Are you able to quote each entry exactly as written?

#### RECORDS FOR THIS EXERCISE
▽
lemma nbr_sum_outside:
  assumes h: "h \<in> V - set c"
  shows "nbr_sum V E phi f h = nbr_sum V' E phi f h"
proof -
  have "b \<in> V'" if b: "b \<in> V" "E h b" for b
  proof (rule ccontr)
    assume "b \<notin> V'"
    then have "b \<in> set c" "b \<noteq> u" using b unfolding V'_def by auto
    then obtain j where j: "j < l" "b = p j" using set_c by auto
    then have "1 \<le> j" using \<open>b \<noteq> u\<close> p_0 by (cases j) auto
    then have "h \<in> {b\<in>V. E (p j) b}" using b h j E_sym by auto
    then have "h \<in> set c" using nbrs_path(1)[OF \<open>1 \<le> j\<close> j(1)] p_mem by auto
    then show False using h by simp
  qed
  then have "{b\<in>V. E h b} = {b\<in>V'. E h b}" using V'_subset by auto
  then show ?thesis unfolding nbr_sum_def by simp
qed

text \<open>Kernel functions satisfy \<open>f (p j) = coef j * f u\<close>: the equation at \<open>p (j + 1)\<close> links
  \<open>f (p j)\<close> and \<open>f (p (j + 2))\<close>, so even positions are reached forward from \<open>p 0 = u\<close>
  and odd ones backward from \<open>p l = u\<close>.\<close>

definition "coef_even i = (-1) ^ i * cnj (\<Prod>j<2 * i. e j)"

definition "coef_odd i = (-1) ^ (m - i) * (\<Prod>j\<in>{2 * i + 1..2 * m}. e j)"

definition "coef j = (if even j then coef_even (j div 2) else coef_odd (j div 2))"

lemma coef_even_Suc: "coef_even (Suc i) = - cnj (e (2 * i + 1)) * cnj (e (2 * i)) * coef_even i"
proof -
  have "(\<Prod>j<2 * Suc i. e j) = (\<Prod>j<2 * i. e j) * e (2 * i) * e (2 * i + 1)"
    by (simp add: mult.assoc)
  then show ?thesis unfolding coef_even_def by (simp add: algebra_simps)
qed

lemma coef_odd_Suc:
  assumes "i < m"
  shows "coef_odd i = - e (2 * i + 1) * e (2 * i + 2) * coef_odd (Suc i)"
proof -
  have "(\<Prod>j\<in>{2 * i + 1..2 * m}. e j) = e (2 * i + 1) * e (2 * i + 2) * (\<Prod>j\<in>{2 * Suc i + 1..2 * m}. e j)"
    using assms by (simp add: prod.atLeast_Suc_atMost mult.assoc)
  moreover have "(-1::complex) ^ (m - i) = - ((-1) ^ (m - Suc i))"
    using assms by (simp add: Suc_diff_Suc[symmetric])
  ultimately show ?thesis unfolding coef_odd_def by (simp add: algebra_simps)
qed

lemma coef_even: "coef (2 * i) = coef_even i"
  and coef_odd: "coef (2 * i + 1) = coef_odd i"
  unfolding coef_def by simp_all

lemma coef_even_0: "coef_even 0 = 1"
  unfolding coef_even_def by simp

lemma coef_odd_m: "coef_odd m = 1"
  unfolding coef_odd_def by simp

lemma coef_0: "coef 0 = 1"
  using coef_even[of 0] coef_even_0 by simp

lemma coef_l: "coef l = 1"
  using coef_odd[of m] coef_odd_m l_eq by simp

lemma coef_path_eq:
  assumes "1 \<le> j" "j \<le> 2 * m"
  shows "cnj (e (j - 1)) * coef (j - 1) + e j * coef (Suc j) = 0"
proof (cases "even j")
  case True
  define i where "i = j div 2 - 1"
  have i: "j = 2 * i + 2" unfolding i_def using True assms(1) by presburger
  then have "i < m" using assms by simp
  have "coef (j - 1) = coef_odd i" "coef (Suc j) = coef_odd (Suc i)"
    using i coef_odd[of i] coef_odd[of "Suc i"] by simp_all
  then have "cnj (e (j - 1)) * coef (j - 1) + e j * coef (Suc j)
      = e (2 * i + 2) * coef_odd (Suc i) * (1 - e (2 * i + 1) * cnj (e (2 * i + 1)))"
    unfolding coef_odd_Suc[OF \<open>i < m\<close>] i by (simp add: algebra_simps)
  then show ?thesis using unimodular_mult_cnj[OF e_unimodular] by simp
next
  case False
  then obtain i where i: "j = 2 * i + 1" by (rule oddE)
  have "coef (j - 1) = coef_even i" "coef (Suc j) = coef_even (Suc i)"
    using i coef_even[of i] coef_even[of "Suc i"] by simp_all
  then have "cnj (e (j - 1)) * coef (j - 1) + e j * coef (Suc j)
      = cnj (e (2 * i)) * coef_even i * (1 - e (2 * i + 1) * cnj (e (2 * i + 1)))"
    unfolding coef_even_Suc i by (simp add: algebra_simps)
  then show ?thesis using unimodular_mult_cnj[OF e_unimodular] by simp
qed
△
#### REPLY
lemma nbr_sum_outside:
  assumes h: "h \<in> V - set c"
  shows "nbr_sum V E phi f h = nbr_sum V' E phi f h"
proof -
  have "b \<in> V'" if b: "b \<in> V" "E h b" for b
  proof (rule ccontr)
    assume "b \<notin> V'"
    then have "b \<in> set c" "b \<noteq> u" using b unfolding V'_def by auto
    then obtain j where j: "j < l" "b = p j" using set_c by auto
    then have "1 \<le> j" using \<open>b \<noteq> u\<close> p_0 by (cases j) auto
    then have "h \<in> {b\<in>V. E (p j) b}" using b h j E_sym by auto
    then have "h \<in> set c" using nbrs_path(1)[OF \<open>1 \<le> j\<close> j(1)] p_mem by auto
    then show False using h by simp
  qed
  then have "{b\<in>V. E h b} = {b\<in>V'. E h b}" using V'_subset by auto
  then show ?thesis unfolding nbr_sum_def by simp
qed

text \<open>Kernel functions satisfy \<open>f (p j) = coef j * f u\<close>: the equation at \<open>p (j + 1)\<close> links
  \<open>f (p j)\<close> and \<open>f (p (j + 2))\<close>, so even positions are reached forward from \<open>p 0 = u\<close>
  and odd ones backward from \<open>p l = u\<close>.\<close>

definition "coef_even i = (-1) ^ i * cnj (\<Prod>j<2 * i. e j)"

definition "coef_odd i = (-1) ^ (m - i) * (\<Prod>j\<in>{2 * i + 1..2 * m}. e j)"

definition "coef j = (if even j then coef_even (j div 2) else coef_odd (j div 2))"

lemma coef_even_Suc: "coef_even (Suc i) = - cnj (e (2 * i + 1)) * cnj (e (2 * i)) * coef_even i"
proof -
  have "(\<Prod>j<2 * Suc i. e j) = (\<Prod>j<2 * i. e j) * e (2 * i) * e (2 * i + 1)"
    by (simp add: mult.assoc)
  then show ?thesis unfolding coef_even_def by (simp add: algebra_simps)
qed

lemma coef_odd_Suc:
  assumes "i < m"
  shows "coef_odd i = - e (2 * i + 1) * e (2 * i + 2) * coef_odd (Suc i)"
proof -
  have "(\<Prod>j\<in>{2 * i + 1..2 * m}. e j) = e (2 * i + 1) * e (2 * i + 2) * (\<Prod>j\<in>{2 * Suc i + 1..2 * m}. e j)"
    using assms by (simp add: prod.atLeast_Suc_atMost mult.assoc)
  moreover have "(-1::complex) ^ (m - i) = - ((-1) ^ (m - Suc i))"
    using assms by (simp add: Suc_diff_Suc[symmetric])
  ultimately show ?thesis unfolding coef_odd_def by (simp add: algebra_simps)
qed

lemma coef_even: "coef (2 * i) = coef_even i"
  and coef_odd: "coef (2 * i + 1) = coef_odd i"
  unfolding coef_def by simp_all

lemma coef_even_0: "coef_even 0 = 1"
  unfolding coef_even_def by simp

lemma coef_odd_m: "coef_odd m = 1"
  unfolding coef_odd_def by simp

lemma coef_0: "coef 0 = 1"
  using coef_even[of 0] coef_even_0 by simp

lemma coef_l: "coef l = 1"
  using coef_odd[of m] coef_odd_m l_eq by simp

lemma coef_path_eq:
  assumes "1 \<le> j" "j \<le> 2 * m"
  shows "cnj (e (j - 1)) * coef (j - 1) + e j * coef (Suc j) = 0"
proof (cases "even j")
  case True
  define i where "i = j div 2 - 1"
  have i: "j = 2 * i + 2" unfolding i_def using True assms(1) by presburger
  then have "i < m" using assms by simp
  have "coef (j - 1) = coef_odd i" "coef (Suc j) = coef_odd (Suc i)"
    using i coef_odd[of i] coef_odd[of "Suc i"] by simp_all
  then have "cnj (e (j - 1)) * coef (j - 1) + e j * coef (Suc j)
      = e (2 * i + 2) * coef_odd (Suc i) * (1 - e (2 * i + 1) * cnj (e (2 * i + 1)))"
    unfolding coef_odd_Suc[OF \<open>i < m\<close>] i by (simp add: algebra_simps)
  then show ?thesis using unimodular_mult_cnj[OF e_unimodular] by simp
next
  case False
  then obtain i where i: "j = 2 * i + 1" by (rule oddE)
  have "coef (j - 1) = coef_even i" "coef (Suc j) = coef_even (Suc i)"
    using i coef_even[of i] coef_even[of "Suc i"] by simp_all
  then have "cnj (e (j - 1)) * coef (j - 1) + e j * coef (Suc j)
      = cnj (e (2 * i)) * coef_even i * (1 - e (2 * i + 1) * cnj (e (2 * i + 1)))"
    unfolding coef_even_Suc i by (simp add: algebra_simps)
  then show ?thesis using unimodular_mult_cnj[OF e_unimodular] by simp
qed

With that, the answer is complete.